### What you are asked to do
Read the data that follows. Then repeat it exactly.

**********

lemma normalized_sum_error:
  fixes a :: "'z \<Rightarrow> 'j \<Rightarrow> complex" and k \<delta> :: "'z \<Rightarrow> complex" and \<omega> :: "'j \<Rightarrow> real"
  assumes "finite Z" "W > 0"
    and summable: "\<And>z. z \<in> Z \<Longrightarrow> (\<lambda>j. a z j * of_real (\<omega> j)) summable_on UNIV"
    and error: "\<And>z. z \<in> Z \<Longrightarrow> cmod ((\<Sum>\<^sub>\<infinity>j. a z j * of_real (\<omega> j)) - \<delta> z * of_real W) \<le> E"
  shows "cmod ((\<Sum>\<^sub>\<infinity>j. (\<Sum>z\<in>Z. k z * a z j) * of_real (\<omega> j)) / of_real W - (\<Sum>z\<in>Z. k z * \<delta> z))
         \<le> (\<Sum>z\<in>Z. cmod (k z)) * E / W"
proof -
  define X where "X z = (\<Sum>\<^sub>\<infinity>j. a z j * of_real (\<omega> j))" for z
  have "((\<lambda>j. \<Sum>z\<in>Z. k z * (a z j * of_real (\<omega> j))) has_sum (\<Sum>z\<in>Z. k z * X z)) UNIV"
    using summable unfolding X_def by (intro has_sum_sum assms(1) has_sum_cmult_right) simp
  then have "(\<Sum>\<^sub>\<infinity>j. (\<Sum>z\<in>Z. k z * a z j) * of_real (\<omega> j)) = (\<Sum>z\<in>Z. k z * X z)"
    by (simp add: infsumI sum_distrib_right mult.assoc)
  moreover have "(\<Sum>z\<in>Z. k z * (X z - \<delta> z * of_real W))
                 = (\<Sum>z\<in>Z. k z * X z) - (\<Sum>z\<in>Z. k z * \<delta> z) * of_real W"
    by (simp add: sum_subtractf sum_distrib_right right_diff_distrib mult.assoc)
  ultimately have "(\<Sum>\<^sub>\<infinity>j. (\<Sum>z\<in>Z. k z * a z j) * of_real (\<omega> j)) / of_real W - (\<Sum>z\<in>Z. k z * \<delta> z)
                   = (\<Sum>z\<in>Z. k z * (X z - \<delta> z * of_real W)) / of_real W"
    using \<open>W > 0\<close> by (simp add: diff_divide_distrib)
  also have "cmod \<dots> \<le> (\<Sum>z\<in>Z. cmod (k z) * E) / W"
    using \<open>W > 0\<close> error unfolding X_def norm_divide
    by (auto intro!: divide_right_mono order.trans[OF norm_sum] sum_mono mult_left_mono
        simp: norm_mult)
  finally show ?thesis
    by (simp add: sum_distrib_right)
qed

definition orthogonality_bound ::
    "(nat \<Rightarrow> nat \<Rightarrow> nat \<Rightarrow> complex) \<Rightarrow> (nat \<Rightarrow> real) \<Rightarrow> real \<Rightarrow> real \<Rightarrow> real \<Rightarrow> real \<Rightarrow> bool" where
  "orthogonality_bound A w \<theta> \<epsilon> C T \<longleftrightarrow> (\<forall>m1 m2 n1 n2.
     m1 \<ge> 1 \<longrightarrow> m2 \<ge> 1 \<longrightarrow> n1 \<ge> 1 \<longrightarrow> n2 \<ge> 1 \<longrightarrow>
     (let Q = real (m1 * m2 * n1 * n2) in
      (\<lambda>j. A j m1 m2 * cnj (A j n1 n2) * of_real (w j)) summable_on UNIV \<and>
      cmod ((\<Sum>\<^sub>\<infinity>j. A j m1 m2 * cnj (A j n1 n2) * of_real (w j))
            - (if m1 = n1 \<and> m2 = n2 then 1 else 0) * of_real (\<Sum>\<^sub>\<infinity>j. w j))
      \<le> C * (T^2 * Q powr (1/2) + T^3 * Q powr \<theta> + Q powr (5/3)) * (T * Q) powr \<epsilon>))"

lemma orthogonality_bound_const_nonneg:
  assumes "orthogonality_bound A w \<theta> \<epsilon> C T" "T > 0"
  shows "C \<ge> 0"
proof -
  have "cmod ((\<Sum>\<^sub>\<infinity>j. A j 1 1 * cnj (A j 1 1) * of_real (w j)) - of_real (\<Sum>\<^sub>\<infinity>j. w j))
        \<le> C * (T^2 + T^3 + 1) * T powr \<epsilon>"
    using assms(1)[unfolded orthogonality_bound_def Let_def, rule_format, of 1 1 1 1] by simp
  then have "0 \<le> C * (T^2 + T^3 + 1) * T powr \<epsilon>"
    by (rule order.trans[OF norm_ge_zero])
  moreover have "0 < (T^2 + T^3 + 1) * T powr \<epsilon>"
    using assms(2) by (intro mult_pos_pos add_pos_pos) auto
  ultimately show ?thesis
    by (simp add: zero_le_mult_iff mult.assoc)
qed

**********

### Exercise response
lemma normalized_sum_error:
  fixes a :: "'z \<Rightarrow> 'j \<Rightarrow> complex" and k \<delta> :: "'z \<Rightarrow> complex" and \<omega> :: "'j \<Rightarrow> real"
  assumes "finite Z" "W > 0"
    and summable: "\<And>z. z \<in> Z \<Longrightarrow> (\<lambda>j. a z j * of_real (\<omega> j)) summable_on UNIV"
    and error: "\<And>z. z \<in> Z \<Longrightarrow> cmod ((\<Sum>\<^sub>\<infinity>j. a z j * of_real (\<omega> j)) - \<delta> z * of_real W) \<le> E"
  shows "cmod ((\<Sum>\<^sub>\<infinity>j. (\<Sum>z\<in>Z. k z * a z j) * of_real (\<omega> j)) / of_real W - (\<Sum>z\<in>Z. k z * \<delta> z))
         \<le> (\<Sum>z\<in>Z. cmod (k z)) * E / W"
proof -
  define X where "X z = (\<Sum>\<^sub>\<infinity>j. a z j * of_real (\<omega> j))" for z
  have "((\<lambda>j. \<Sum>z\<in>Z. k z * (a z j * of_real (\<omega> j))) has_sum (\<Sum>z\<in>Z. k z * X z)) UNIV"
    using summable unfolding X_def by (intro has_sum_sum assms(1) has_sum_cmult_right) simp
  then have "(\<Sum>\<^sub>\<infinity>j. (\<Sum>z\<in>Z. k z * a z j) * of_real (\<omega> j)) = (\<Sum>z\<in>Z. k z * X z)"
    by (simp add: infsumI sum_distrib_right mult.assoc)
  moreover have "(\<Sum>z\<in>Z. k z * (X z - \<delta> z * of_real W))
                 = (\<Sum>z\<in>Z. k z * X z) - (\<Sum>z\<in>Z. k z * \<delta> z) * of_real W"
    by (simp add: sum_subtractf sum_distrib_right right_diff_distrib mult.assoc)
  ultimately have "(\<Sum>\<^sub>\<infinity>j. (\<Sum>z\<in>Z. k z * a z j) * of_real (\<omega> j)) / of_real W - (\<Sum>z\<in>Z. k z * \<delta> z)
                   = (\<Sum>z\<in>Z. k z * (X z - \<delta> z * of_real W)) / of_real W"
    using \<open>W > 0\<close> by (simp add: diff_divide_distrib)
  also have "cmod \<dots> \<le> (\<Sum>z\<in>Z. cmod (k z) * E) / W"
    using \<open>W > 0\<close> error unfolding X_def norm_divide
    by (auto intro!: divide_right_mono order.trans[OF norm_sum] sum_mono mult_left_mono
        simp: norm_mult)
  finally show ?thesis
    by (simp add: sum_distrib_right)
qed

definition orthogonality_bound ::
    "(nat \<Rightarrow> nat \<Rightarrow> nat \<Rightarrow> complex) \<Rightarrow> (nat \<Rightarrow> real) \<Rightarrow> real \<Rightarrow> real \<Rightarrow> real \<Rightarrow> real \<Rightarrow> bool" where
  "orthogonality_bound A w \<theta> \<epsilon> C T \<longleftrightarrow> (\<forall>m1 m2 n1 n2.
     m1 \<ge> 1 \<longrightarrow> m2 \<ge> 1 \<longrightarrow> n1 \<ge> 1 \<longrightarrow> n2 \<ge> 1 \<longrightarrow>
     (let Q = real (m1 * m2 * n1 * n2) in
      (\<lambda>j. A j m1 m2 * cnj (A j n1 n2) * of_real (w j)) summable_on UNIV \<and>
      cmod ((\<Sum>\<^sub>\<infinity>j. A j m1 m2 * cnj (A j n1 n2) * of_real (w j))
            - (if m1 = n1 \<and> m2 = n2 then 1 else 0) * of_real (\<Sum>\<^sub>\<infinity>j. w j))
      \<le> C * (T^2 * Q powr (1/2) + T^3 * Q powr \<theta> + Q powr (5/3)) * (T * Q) powr \<epsilon>))"

lemma orthogonality_bound_const_nonneg:
  assumes "orthogonality_bound A w \<theta> \<epsilon> C T" "T > 0"
  shows "C \<ge> 0"
proof -
  have "cmod ((\<Sum>\<^sub>\<infinity>j. A j 1 1 * cnj (A j 1 1) * of_real (w j)) - of_real (\<Sum>\<^sub>\<infinity>j. w j))
        \<le> C * (T^2 + T^3 + 1) * T powr \<epsilon>"
    using assms(1)[unfolded orthogonality_bound_def Let_def, rule_format, of 1 1 1 1] by simp
  then have "0 \<le> C * (T^2 + T^3 + 1) * T powr \<epsilon>"
    by (rule order.trans[OF norm_ge_zero])
  moreover have "0 < (T^2 + T^3 + 1) * T powr \<epsilon>"
    using assms(2) by (intro mult_pos_pos add_pos_pos) auto
  ultimately show ?thesis
    by (simp add: zero_le_mult_iff mult.assoc)
qed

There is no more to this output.